Most students will need a student loan, so it's wise to know what all the terms mean and how they apply to you. Terms that are used in a definition but are defined in this section are indicated in blue.

Borrower benefits - Think of these in terms of a price break you get when you buy something or a rebate you get after you buy it. A lender can charge an origination fee, while a guarantor must charge a federal default fee. Not all lenders and guarantors charge the same fees. These fees are deducted before you see the money, so the lower the fees, the more money you receive to pay for your education.

You can also get breaks when you start repaying your loan. Many lenders will charge you a lower interest rate if you follow certain criteria.

Federal default fee - The guarantor must charge you up to 1 percent of your loan as a default fee. Some lenders will pay this fee for you.

Guarantor - The guarantor has a contract with the lender to pay off a student loan under special circumstances.

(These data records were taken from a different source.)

(* Let $E$ be a real Banach space, $K\subset E$ nonempty closed convex, $g\in\mathcal F$ totally convex on $E$ satisfying H1–H2, $Y$ a real Banach space containing a closed, convex, pointed cone $C$ with nonempty interior, and $f:E\times E\to Y$. If $T:K\to\mathcal P(K)$ (with nonempty closed convex values) is quasi $D_g$-nonexpansive, and $f(x,\cdot)$ is $C$-convex and positively lower semicontinuous for all $x\in E$, then $DS(f,T)$ is closed and convex.
   Context: $\mathcal F$: functions $g:E\to\mathbb R$ strictly convex, lower semicontinuous, Gâteaux differentiable (derivative $g'$). $D_g(x,y)=g(x)-g(y)-\langle x-y,g'(y)\rangle$; $v_g(x,t)=\inf\{D_g(y,x):\|y-x\|=t\}$; totally convex: $v_g(x,t)>0$ for all $x$, $t>0$. H1: level sets of $D_g(x,\cdot)$ bounded for all $x$; H2: $\inf_{x\in A}v_g(x,t)>0$ for all $t>0$ and bounded $A$. $\Pi^g_D(x)$ = unique minimizer of $D_g(\cdot,x)$ over nonempty closed convex $D$. $\mathrm{Fix}(T)=\{x\in K:x\in T(x)\}$; $T$ is quasi $D_g$-nonexpansive if $S(x):=\Pi^g_{T(x)}(x)$ has $\mathrm{Fix}(S)\ne\emptyset$ and $D_g(p,S(x))\le D_g(p,x)$ for $p\in\mathrm{Fix}(S)$, $x\in K$. $C^+=\{z\in Y^*:\langle y,z\rangle\ge0\ \forall y\in C\}$; $y\preceq y'$ iff $y'-y\in C$; $C$-convex: $G(tx+(1-t)y)\preceq tG(x)+(1-t)G(y)$; positively lower semicontinuous: $x\mapsto\langle G(x),z\rangle$ lower semicontinuous for every $z\in C^+$. $DS(f,T)=\{x\in K:x\in T(x),\ f(y,x)\in-C\ \forall y\in K\}$. *)

theory Defs
  imports "HOL-Analysis.Analysis"
begin
(* Let $G$ be a graph of order $n$ with at least one edge. Then $\gamma^{DLD}(G)=n-1$ if and only if $G$ is a threshold graph.
   Context: All graphs are finite, simple and undirected (not necessarily connected). For $u\in V$, $N(u)$ is the set of neighbours of $u$ and $N[u]=N(u)\cup\{u\}$. A code is a non-empty subset $C\subseteq V$; $I(C;u)=N[u]\cap C$. A code $C$ is solid-locating-dominating if $I(C;u)\ne\emptyset$ for every $u\in V\setminus C$ and $I(C;u)\not\subseteq I(C;v)$ for all distinct $u,v\in V\setminus C$; $\gamma^{DLD}(G)$ is the minimum size of such a code. A threshold graph is a graph that can be built from the empty graph by repeatedly adding either an isolated vertex or a vertex adjacent to all existing vertices; equivalently, a graph in which for every two vertices $x,y$ we have $N(x)\subseteq N[y]$ or $N(y)\subseteq N[x]$. *)

theory Defs
  imports Main
begin

definition simple_graph :: "'a set \<Rightarrow> ('a \<Rightarrow> 'a \<Rightarrow> bool) \<Rightarrow> bool" where
  "simple_graph V E \<longleftrightarrow> finite V \<and> (\<forall>x y. E x y \<longrightarrow> E y x)
     \<and> (\<forall>x. \<not> E x x) \<and> (\<forall>x y. E x y \<longrightarrow> x \<in> V \<and> y \<in> V)"

definition open_nbhd :: "'a set \<Rightarrow> ('a \<Rightarrow> 'a \<Rightarrow> bool) \<Rightarrow> 'a \<Rightarrow> 'a set" where
  "open_nbhd V E u = {v \<in> V. E u v}"

definition closed_nbhd :: "'a set \<Rightarrow> ('a \<Rightarrow> 'a \<Rightarrow> bool) \<Rightarrow> 'a \<Rightarrow> 'a set" where
  "closed_nbhd V E u = insert u (open_nbhd V E u)"

definition I_set :: "'a set \<Rightarrow> ('a \<Rightarrow> 'a \<Rightarrow> bool) \<Rightarrow> 'a set \<Rightarrow> 'a \<Rightarrow> 'a set" where
  "I_set V E C u = closed_nbhd V E u \<inter> C"

definition is_DLD_code :: "'a set \<Rightarrow> ('a \<Rightarrow> 'a \<Rightarrow> bool) \<Rightarrow> 'a set \<Rightarrow> bool" where
  "is_DLD_code V E C \<longleftrightarrow> C \<noteq> {} \<and> C \<subseteq> V
     \<and> (\<forall>u \<in> V - C. I_set V E C u \<noteq> {})
     \<and> (\<forall>u \<in> V - C. \<forall>v \<in> V - C. u \<noteq> v \<longrightarrow> \<not> (I_set V E C u \<subseteq> I_set V E C v))"

definition gamma_DLD :: "'a set \<Rightarrow> ('a \<Rightarrow> 'a \<Rightarrow> bool) \<Rightarrow> nat" where
  "gamma_DLD V E = Min {card C | C. is_DLD_code V E C}"

inductive threshold :: "'a set \<Rightarrow> ('a \<Rightarrow> 'a \<Rightarrow> bool) \<Rightarrow> bool" where
  empty: "threshold {} (\<lambda>_ _. False)"
| add_isolated: "threshold V E \<Longrightarrow> v \<notin> V \<Longrightarrow> threshold (insert v V) E"
| add_dominating: "threshold V E \<Longrightarrow> v \<notin> V \<Longrightarrow>
    threshold (insert v V) (\<lambda>x y. E x y \<or> (x = v \<and> y \<in> V) \<or> (y = v \<and> x \<in> V))"

end

(*
  Both sides are equivalent to the neighbourhoods being nested: for all x, y,
  N(x) \<subseteq> N[y] or N(y) \<subseteq> N[x].  If two vertices u, v outside a code C had
  N(u) \<subseteq> N[v], then I(C;u) \<subseteq> I(C;v) (as u \<notin> C), so nested neighbourhoods force
  |V - C| \<le> 1; conversely, for an incomparable pair u, v the set V - {u, v} is a
  code.  Threshold graphs are nested by construction, and a nested graph has a
  vertex that is isolated or dominating: if a vertex u of maximum degree does not
  dominate, maximality gives N(x) \<subseteq> N[u] for every x, so any non-neighbour of u
  is isolated.  Deleting that vertex and inducting rebuilds the graph.
*)
theory Submission
  imports Defs
begin

definition nested_nbhds :: "'a set \<Rightarrow> ('a \<Rightarrow> 'a \<Rightarrow> bool) \<Rightarrow> bool" where
  "nested_nbhds V E \<longleftrightarrow> (\<forall>x\<in>V. \<forall>y\<in>V.
     open_nbhd V E x \<subseteq> closed_nbhd V E y \<or> open_nbhd V E y \<subseteq> closed_nbhd V E x)"

definition induced :: "'a set \<Rightarrow> ('a \<Rightarrow> 'a \<Rightarrow> bool) \<Rightarrow> 'a \<Rightarrow> 'a \<Rightarrow> bool" where
  "induced W E x y \<longleftrightarrow> E x y \<and> x \<in> W \<and> y \<in> W"

lemma threshold_edges_in: "threshold V E \<Longrightarrow> E x y \<Longrightarrow> x \<in> V \<and> y \<in> V"
  by (induction arbitrary: x y rule: threshold.induct) auto

lemma threshold_imp_nested_nbhds: "threshold V E \<Longrightarrow> nested_nbhds V E"
proof (induction rule: threshold.induct)
  case empty
  show ?case by (simp add: nested_nbhds_def)
next
  case (add_isolated V E v)
  then show ?case using threshold_edges_in[OF add_isolated(1)]
    unfolding nested_nbhds_def open_nbhd_def closed_nbhd_def by auto
next
  case (add_dominating V E v)
  then show ?case using threshold_edges_in[OF add_dominating(1)]
    unfolding nested_nbhds_def open_nbhd_def closed_nbhd_def by auto
qed

lemma simple_graph_induced: "simple_graph V E \<Longrightarrow> W \<subseteq> V \<Longrightarrow> simple_graph W (induced W E)"
  unfolding simple_graph_def induced_def by (auto intro: finite_subset)

lemma nested_nbhds_induced: "nested_nbhds V E \<Longrightarrow> W \<subseteq> V \<Longrightarrow> nested_nbhds W (induced W E)"
  unfolding nested_nbhds_def open_nbhd_def closed_nbhd_def induced_def by blast

lemma max_degree_closed_nbhd_contains:
  assumes "simple_graph V E" "nested_nbhds V E" "x \<in> V" "u \<in> V"
    and max: "\<forall>y\<in>V. card (open_nbhd V E y) \<le> card (open_nbhd V E u)"
  shows "open_nbhd V E x \<subseteq> closed_nbhd V E u"
proof (rule ccontr)
  assume not_sub: "\<not> open_nbhd V E x \<subseteq> closed_nbhd V E u"
  then obtain z where z: "z \<in> open_nbhd V E x" "z \<notin> closed_nbhd V E u" by blast
  have sub: "open_nbhd V E u \<subseteq> closed_nbhd V E x"
    using assms(2-4) not_sub unfolding nested_nbhds_def by blast
  have fin: "finite (open_nbhd V E x)"
    using assms(1) unfolding simple_graph_def open_nbhd_def by simp
  \<comment> \<open>N(x) contains N(u) with x traded for u (if x ~ u), plus z: so deg x > deg u\<close>
  define A where "A = insert z (if E u x then insert u (open_nbhd V E u - {x}) else open_nbhd V E u)"
  have "A \<subseteq> open_nbhd V E x"
    using z sub assms(1,3,4) unfolding A_def simple_graph_def open_nbhd_def closed_nbhd_def
    by (auto split: if_splits)
  then have "card A \<le> card (open_nbhd V E x)" by (intro card_mono fin)
  moreover have "card A = Suc (card (open_nbhd V E u))"
  proof -
    have fu: "finite (open_nbhd V E u)"
      using assms(1) unfolding simple_graph_def open_nbhd_def by simp
    have "u \<notin> open_nbhd V E u" "z \<noteq> u" "z \<notin> open_nbhd V E u"
      using assms(1) z(2) unfolding simple_graph_def open_nbhd_def closed_nbhd_def by auto
    moreover have "E u x \<Longrightarrow> Suc (card (open_nbhd V E u - {x})) = card (open_nbhd V E u)"
      using assms(3) fu by (intro card_Suc_Diff1) (auto simp: open_nbhd_def)
    ultimately show ?thesis unfolding A_def using fu by (auto simp: card_insert_if)
  qed
  ultimately show False using max assms(3) by fastforce
qed

lemma nested_nbhds_isolated_or_dominating:
  assumes "simple_graph V E" "nested_nbhds V E" "V \<noteq> {}"
  obtains v where "v \<in> V" "\<forall>y. \<not> E v y"
    | v where "v \<in> V" "\<forall>y\<in>V. y \<noteq> v \<longrightarrow> E v y"
proof -
  let ?deg = "\<lambda>y. card (open_nbhd V E y)"
  have fin: "finite V" using assms(1) by (simp add: simple_graph_def)
  then obtain u where u: "u \<in> V" and "Max (?deg ` V) = ?deg u"
    using obtains_MAX assms(3) by blast
  with fin have max: "\<forall>y\<in>V. ?deg y \<le> ?deg u" by (metis Max_ge finite_imageI imageI)
  show thesis
  proof (cases "\<forall>y\<in>V. y \<noteq> u \<longrightarrow> E u y")
    case True
    with u that(2) show thesis by blast
  next
    case False
    then obtain w where w: "w \<in> V" "w \<noteq> u" "\<not> E u w" by blast
    have "\<not> E w x" for x
    proof
      assume "E w x"
      then have "x \<in> V" "w \<in> open_nbhd V E x"
        using assms(1) w(1) unfolding simple_graph_def open_nbhd_def by auto
      with max_degree_closed_nbhd_contains[OF assms(1,2) _ u max] w show False
        by (auto simp: closed_nbhd_def open_nbhd_def)
    qed
    with w(1) that(1) show thesis by blast
  qed
qed

lemma nested_nbhds_imp_threshold: "simple_graph V E \<Longrightarrow> nested_nbhds V E \<Longrightarrow> threshold V E"
proof (induction "card V" arbitrary: V E rule: less_induct)
  case less
  have fin: "finite V" using less.prems(1) by (simp add: simple_graph_def)
  show ?case
  proof (cases "V = {}")
    case True
    then have "E = (\<lambda>_ _. False)" using less.prems(1) unfolding simple_graph_def by blast
    with True show ?thesis by (simp add: threshold.empty)
  next
    case False
    have IH: "threshold (V - {v}) (induced (V - {v}) E)" if "v \<in> V" for v
      using less.hyps[OF card_Diff1_less[OF fin that]]
        simple_graph_induced[OF less.prems(1)] nested_nbhds_induced[OF less.prems(2)]
      by blast
    have edges: "E x y \<Longrightarrow> x \<in> V \<and> y \<in> V" for x y
      using less.prems(1) by (simp add: simple_graph_def)
    from nested_nbhds_isolated_or_dominating[OF less.prems False] show ?thesis
    proof cases
      case (1 v)
      have "induced (V - {v}) E = E"
        using 1 edges less.prems(1) unfolding induced_def simple_graph_def by (intro ext) blast
      with IH[OF 1(1)] threshold.add_isolated[of "V - {v}" E v] 1(1) show ?thesis
        by (simp add: insert_absorb)
    next
      case (2 v)
      have "(\<lambda>x y. induced (V - {v}) E x y \<or> (x = v \<and> y \<in> V - {v}) \<or> (y = v \<and> x \<in> V - {v})) = E"
        using 2 edges less.prems(1) unfolding induced_def simple_graph_def by (intro ext) blast
      with threshold.add_dominating[OF IH[OF 2(1)], of v] 2(1) show ?thesis
        by (simp add: insert_absorb)
    qed
  qed
qed

lemma threshold_iff_nested_nbhds: "simple_graph V E \<Longrightarrow> threshold V E \<longleftrightarrow> nested_nbhds V E"
  using threshold_imp_nested_nbhds nested_nbhds_imp_threshold by blast

lemma I_set_iff: "a \<in> I_set V E C u \<longleftrightarrow> a \<in> C \<and> (a = u \<or> a \<in> V \<and> E u a)"
  unfolding I_set_def closed_nbhd_def open_nbhd_def by blast

lemma is_DLD_code_Diff_edge_end:
  assumes "simple_graph V E" "E x y"
  shows "is_DLD_code V E (V - {x})"
proof -
  have "x \<in> V" "y \<in> V" "y \<noteq> x" using assms unfolding simple_graph_def by metis+
  moreover from this have "y \<in> I_set V E (V - {x}) x" using assms(2) by (simp add: I_set_iff)
  ultimately show ?thesis unfolding is_DLD_code_def by auto
qed

lemma is_DLD_code_Diff_incomparable:
  assumes "simple_graph V E" "u \<in> V" "v \<in> V"
    and "\<not> open_nbhd V E u \<subseteq> closed_nbhd V E v" "\<not> open_nbhd V E v \<subseteq> closed_nbhd V E u"
  shows "is_DLD_code V E (V - {u, v})"
proof -
  obtain a where a: "a \<in> V" "E u a" "a \<noteq> v" "\<not> E v a"
    using assms(4) unfolding open_nbhd_def closed_nbhd_def by blast
  obtain b where b: "b \<in> V" "E v b" "b \<noteq> u" "\<not> E u b"
    using assms(5) unfolding open_nbhd_def closed_nbhd_def by blast
  have "a \<noteq> u" "b \<noteq> v" using a(2) b(2) assms(1) unfolding simple_graph_def by metis+
  with a b have "a \<in> I_set V E (V - {u, v}) u" "a \<notin> I_set V E (V - {u, v}) v"
    "b \<in> I_set V E (V - {u, v}) v" "b \<notin> I_set V E (V - {u, v}) u"
    unfolding I_set_iff by auto
  with a(1) \<open>a \<noteq> u\<close> \<open>a \<noteq> v\<close> show ?thesis
    unfolding is_DLD_code_def by (auto simp: Diff_Diff_Int)
qed

lemma DLD_code_outside_incomparable:
  assumes "is_DLD_code V E C" "u \<in> V - C" "v \<in> V - C" "u \<noteq> v"
  shows "\<not> open_nbhd V E u \<subseteq> closed_nbhd V E v"
proof -
  obtain a where "a \<in> I_set V E C u" "a \<notin> I_set V E C v"
    using assms unfolding is_DLD_code_def by blast
  moreover have "a \<noteq> u" using \<open>a \<in> I_set V E C u\<close> assms(2) by (auto simp: I_set_iff)
  ultimately show ?thesis
    unfolding I_set_iff open_nbhd_def closed_nbhd_def by blast
qed

lemma finite_DLD_code_cards: "finite V \<Longrightarrow> finite {card C | C. is_DLD_code V E C}"
  by (rule finite_subset[of _ "card ` Pow V"]) (auto simp: is_DLD_code_def)

lemma gamma_DLD_le: "finite V \<Longrightarrow> is_DLD_code V E C \<Longrightarrow> gamma_DLD V E \<le> card C"
  unfolding gamma_DLD_def by (rule Min_le) (auto intro: finite_DLD_code_cards)

lemma gamma_DLD_attained:
  assumes "finite V" "is_DLD_code V E C"
  obtains D where "is_DLD_code V E D" "card D = gamma_DLD V E"
proof -
  have "gamma_DLD V E \<in> {card C | C. is_DLD_code V E C}"
    unfolding gamma_DLD_def using assms by (intro Min_in finite_DLD_code_cards) auto
  with that show thesis by auto
qed

lemma nested_nbhds_DLD_code_card:
  assumes "simple_graph V E" "nested_nbhds V E" "is_DLD_code V E C"
  shows "card V - 1 \<le> card C"
proof -
  have fin: "finite V" and CV: "C \<subseteq> V"
    using assms(1,3) by (auto simp: simple_graph_def is_DLD_code_def)
  have "\<forall>u\<in>V - C. \<forall>v\<in>V - C. u = v"
    using DLD_code_outside_incomparable[OF assms(3)] assms(2)
    unfolding nested_nbhds_def by blast
  then have "card (V - C) \<le> 1" using fin by (simp add: card_le_Suc0_iff_eq)
  with card_Diff_subset[OF finite_subset[OF CV fin] CV] show ?thesis by linarith
qed

lemma gamma_DLD_eq_iff_nested_nbhds:
  assumes "simple_graph V E" "E x y"
  shows "gamma_DLD V E = card V - 1 \<longleftrightarrow> nested_nbhds V E"
proof -
  have fin: "finite V" and xV: "x \<in> V" using assms unfolding simple_graph_def by blast+
  have code: "is_DLD_code V E (V - {x})" by (rule is_DLD_code_Diff_edge_end[OF assms])
  show ?thesis
  proof
    assume gamma: "gamma_DLD V E = card V - 1"
    show "nested_nbhds V E"
      unfolding nested_nbhds_def
    proof (intro ballI, rule ccontr)
      fix u v assume uv: "u \<in> V" "v \<in> V"
        and incomparable: "\<not> (open_nbhd V E u \<subseteq> closed_nbhd V E v \<or>
                               open_nbhd V E v \<subseteq> closed_nbhd V E u)"
      then have "u \<noteq> v" by (auto simp: closed_nbhd_def)
      have "gamma_DLD V E \<le> card (V - {u, v})"
        using incomparable is_DLD_code_Diff_incomparable[OF assms(1) uv]
        by (intro gamma_DLD_le fin) auto
      also have "\<dots> = card V - 2" using uv \<open>u \<noteq> v\<close> fin by simp
      finally show False
        using gamma card_mono[OF fin, of "{u, v}"] uv \<open>u \<noteq> v\<close> by simp
    qed
  next
    assume "nested_nbhds V E"
    obtain D where "is_DLD_code V E D" "card D = gamma_DLD V E"
      using gamma_DLD_attained[OF fin code] .
    with nested_nbhds_DLD_code_card[OF assms(1) \<open>nested_nbhds V E\<close>]
      gamma_DLD_le[OF fin code] xV fin
    show "gamma_DLD V E = card V - 1" by force
  qed
qed

theorem mainTheorem7:
  fixes V :: "'a set" and E :: "'a \<Rightarrow> 'a \<Rightarrow> bool"
  assumes "simple_graph V E"
    and "\<exists>x y. E x y"
  shows "gamma_DLD V E = card V - 1 \<longleftrightarrow> threshold V E"
proof -
  obtain x y where "E x y" using assms(2) by blast
  then show ?thesis
    using gamma_DLD_eq_iff_nested_nbhds[OF assms(1)] threshold_iff_nested_nbhds[OF assms(1)]
    by blast
qed

end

Interest - This is the money you pay the lender for letting you use its money to pay your school costs.

Lender - The lender is whoever loans you the money. It can be a bank, a nonprofit state corporation, a credit union, or some other financial institution.

Origination fee - This helps cover the costs the lender has to pay for doing business with you. Lenders can charge up to a 1 percent origination fee.

Principal - This is the actual amount you borrow before the origination fee and federal default fee are deducted. The interest you are charged will be based on the principal.